Essas pessoas, como todas, tendem a tomar suas próprias preferências pelas preferências gerais e não podem evitar de entregar-se gozosamente a elas quando percebem uma convergência de predileções. Essa "cultura" quase sempre foi, em suma, uma cultura "da massa" mesmo, não "para a" massa, e essas emissoras e essas pessoas sempre foram autênticos "intelectuais orgânicos" das "classes menos favorecidas". No início da TV Tupi foi possível assistir a uma encenação paulista de "Os Rinocerontes", de Ionesco, em horário nobre. Mas, com a expansão do mercado, os responsáveis por essa audácia logo se retiraram para outros redutos (inclusive para a publicidade, a partir de onde passaram a oferecer sua contribuição valiosa para a liquidificação geral dos gostos). Essa foi, na verdade, a grande revolução silenciosa: a ascensão das classes menos favorecidas ao controle da produção, se não cultural, pelo menos do entretenimento. O que ocorre hoje, pelo menos no Brasil, é de certo modo uma consequência daquela tomada indolor do poder simbólico.
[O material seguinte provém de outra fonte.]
(* Let $x_1,x_2,y_1,y_2\in\mathbb{R}^2$ be four points not all on one line, and let $\mu=\mu_1\delta_{x_1}+\mu_2\delta_{x_2}$, $\nu=\nu_1\delta_{y_1}+\nu_2\delta_{y_2}$ be probability measures with positive weights and $[\mu]=[\nu]=0$. Let $M=\sum_i\mu_i\,x_i\otimes x_i$, $N=\sum_j\nu_j\,y_j\otimes y_j$, and write $N-M=\lambda_a\,a\otimes a+\lambda_b\,b\otimes b$ with $\lambda_a<0<\lambda_b$ and $a,b$ orthonormal. For $i,j\in\{1,2\}$ set $i'=3-i$, $j'=3-j$ and $$\gamma_{ij}=\mu_i\,\frac{\langle b,y_{j'}-x_i\rangle}{\langle b,y_{j'}-y_j\rangle}.$$ Then the inequalities $$\langle x_2-y_2,y_1-x_1\rangle\ge0\quad\text{and}\quad\langle x_1-y_2,y_1-x_2\rangle\ge0$$ hold if and only if $\gamma_{ij}\ge0$ for all $i,j\in\{1,2\}$.
   Context: $[\mu]=\int x\,\mu(dx)$. Under the hypotheses, $N-M$ has one negative and one positive eigenvalue, so the decomposition above exists; $\gamma_{ij}$ does not depend on the sign choice of $b$. *)

theory Defs
  imports "HOL-Analysis.Analysis"
begin

definition outer :: "real^2 \<Rightarrow> real^2 \<Rightarrow> real^2^2" where
  "outer u v = (\<chi> k l. u $ k * v $ l)"

end

theory Submission
  imports Defs
begin

text \<open>
  With \<open>p = x\<^sub>1 - x\<^sub>2\<close> and \<open>q = y\<^sub>1 - y\<^sub>2\<close> the centring conditions give
  \<open>x\<^sub>1 = \<mu>\<^sub>2 p\<close>, \<open>x\<^sub>2 = -\<mu>\<^sub>1 p\<close>, \<open>y\<^sub>1 = \<nu>\<^sub>2 q\<close>, \<open>y\<^sub>2 = -\<nu>\<^sub>1 q\<close>, hence
  \<open>N - M = \<nu>\<^sub>1\<nu>\<^sub>2 q\<otimes>q - \<mu>\<^sub>1\<mu>\<^sub>2 p\<otimes>p\<close>. Pairing the eigen-equation \<open>(N - M) b = \<lambda>\<^sub>b b\<close>
  with \<open>b\<close>, \<open>p\<close> and \<open>q\<close> shows that the slope \<open>r = \<langle>p,b\<rangle> / \<langle>q,b\<rangle>\<close> is a root of
  \<open>f t = \<alpha> S t\<^sup>2 - (\<alpha> |p|\<^sup>2 + \<beta> |q|\<^sup>2) t + \<beta> S\<close>, where \<open>\<alpha> = \<mu>\<^sub>1\<mu>\<^sub>2\<close>, \<open>\<beta> = \<nu>\<^sub>1\<nu>\<^sub>2\<close>,
  \<open>S = \<langle>p,q\<rangle>\<close>, and that \<open>\<alpha> r\<^sup>2 < \<beta>\<close> because \<open>\<lambda>\<^sub>b > 0\<close>.
  Non-collinearity is the strict Cauchy--Schwarz inequality \<open>S\<^sup>2 < |p|\<^sup>2 |q|\<^sup>2\<close>, which
  forces \<open>f\<close> to change sign only at \<open>r\<close> on the interval \<open>\<alpha> t\<^sup>2 \<le> \<beta>\<close>.
  The first inner product is \<open>-f(t)/t\<close> at both \<open>t = \<nu>\<^sub>2/\<mu>\<^sub>2\<close> and \<open>t = \<nu>\<^sub>1/\<mu>\<^sub>1\<close>; their
  product is \<open>\<beta>/\<alpha>\<close>, so the smaller one lies in that interval, and the inequality
  holds iff \<open>r\<close> is below both. The second inequality is the same statement with
  \<open>\<nu>\<^sub>1, \<nu>\<^sub>2, S, r\<close> replaced by \<open>\<nu>\<^sub>2, \<nu>\<^sub>1, -S, -r\<close>. Finally each \<open>\<gamma>\<^sub>i\<^sub>j\<close> is \<open>\<mu>\<^sub>i\<close> times
  an affine function of \<open>r\<close>, and the four conditions \<open>\<gamma>\<^sub>i\<^sub>j \<ge> 0\<close> are exactly these
  four bounds on \<open>r\<close>.
\<close>

lemma centred_two_point_eq:
  fixes x1 x2 :: "'a::real_vector"
  assumes "m1 + m2 = 1" and "m1 *\<^sub>R x1 + m2 *\<^sub>R x2 = 0"
  shows "x1 = m2 *\<^sub>R (x1 - x2)" and "x2 = - m1 *\<^sub>R (x1 - x2)"
proof -
  have "x1 = (m1 + m2) *\<^sub>R x1 - (m1 *\<^sub>R x1 + m2 *\<^sub>R x2)" using assms by simp
  then show "x1 = m2 *\<^sub>R (x1 - x2)" by (simp add: algebra_simps)
  have "x2 = (m1 + m2) *\<^sub>R x2 - (m1 *\<^sub>R x1 + m2 *\<^sub>R x2)" using assms by simp
  then show "x2 = - m1 *\<^sub>R (x1 - x2)" by (simp add: algebra_simps)
qed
É uma tendência sem retorno? Os programas popularescos invadirão também a TV a cabo (já invadiram: a TV a cabo é o "mais do mesmo")? Pode ser. Medidas que assegurem um mínimo de pluralidade, porém, podem ser tomadas. No Brasil, os governos que se sucedem desde o surgimento da TV optaram por nada pedir e nada esperar da TV: deram-lhe tudo, deram-lhe o país. O atual credo neoliberal insiste nisso: o Estado não vai produzir nem controlar a cultura. É uma afirmação sem sentido: por toda parte o Estado, como membro vivo da sociedade, produz e controla a cultura. E o faz mesmo por sua ausência. A liberal França (em todos os sentidos da palavra, inclusive o filosófico) controla a TV e o mesmo fazem os EUA, o Irã e o Japão. Os resultados podem não ser notáveis e certamente não são imediatos. Mas é o que cabe ao Estado fazer. Controle não é censura: é diálogo em que a parte que detém o direito sobre as ondas eletrônicas, e que é a parte pública, diz à parte privada o que espera que se faça e não se faça com esses meios. O Estado neoliberal controla ferreamente a educação: por que se recusa a dialogar no campo da cultura, no mínimo tão importante quanto o da educação?
De novo: é inevitável? Creio existirem indícios de que, assim como a média da população deste país é melhor do que a média dos políticos que a representam, a média da população deste país é melhor do que a média daqueles que lhes oferecem isso que anda disponível nas TVs, rádios e CDs. A passividade não é a regra. As pessoas estão cansadas da falsa entente coletiva da TV, procuram as microsociedades exemplificadas nas praticas religiosas e na... Internet. O mercado vai invadir a Internet com seu lixo, isso é certo. E então se descobrirá uma outra coisa. O jogo não está perdido. O jogo, de fato, é esse.

Nota:
1. "Le Monde Diplomatique", março de 1996, pág. 20.


Teixeira Coelho é escritor e ensaísta, autor, entre outros, de "Niemeyer - Um Romance" e "Dicionário Crítico de Política Cultural" e professor da Escola de Comunicações e Artes da USP.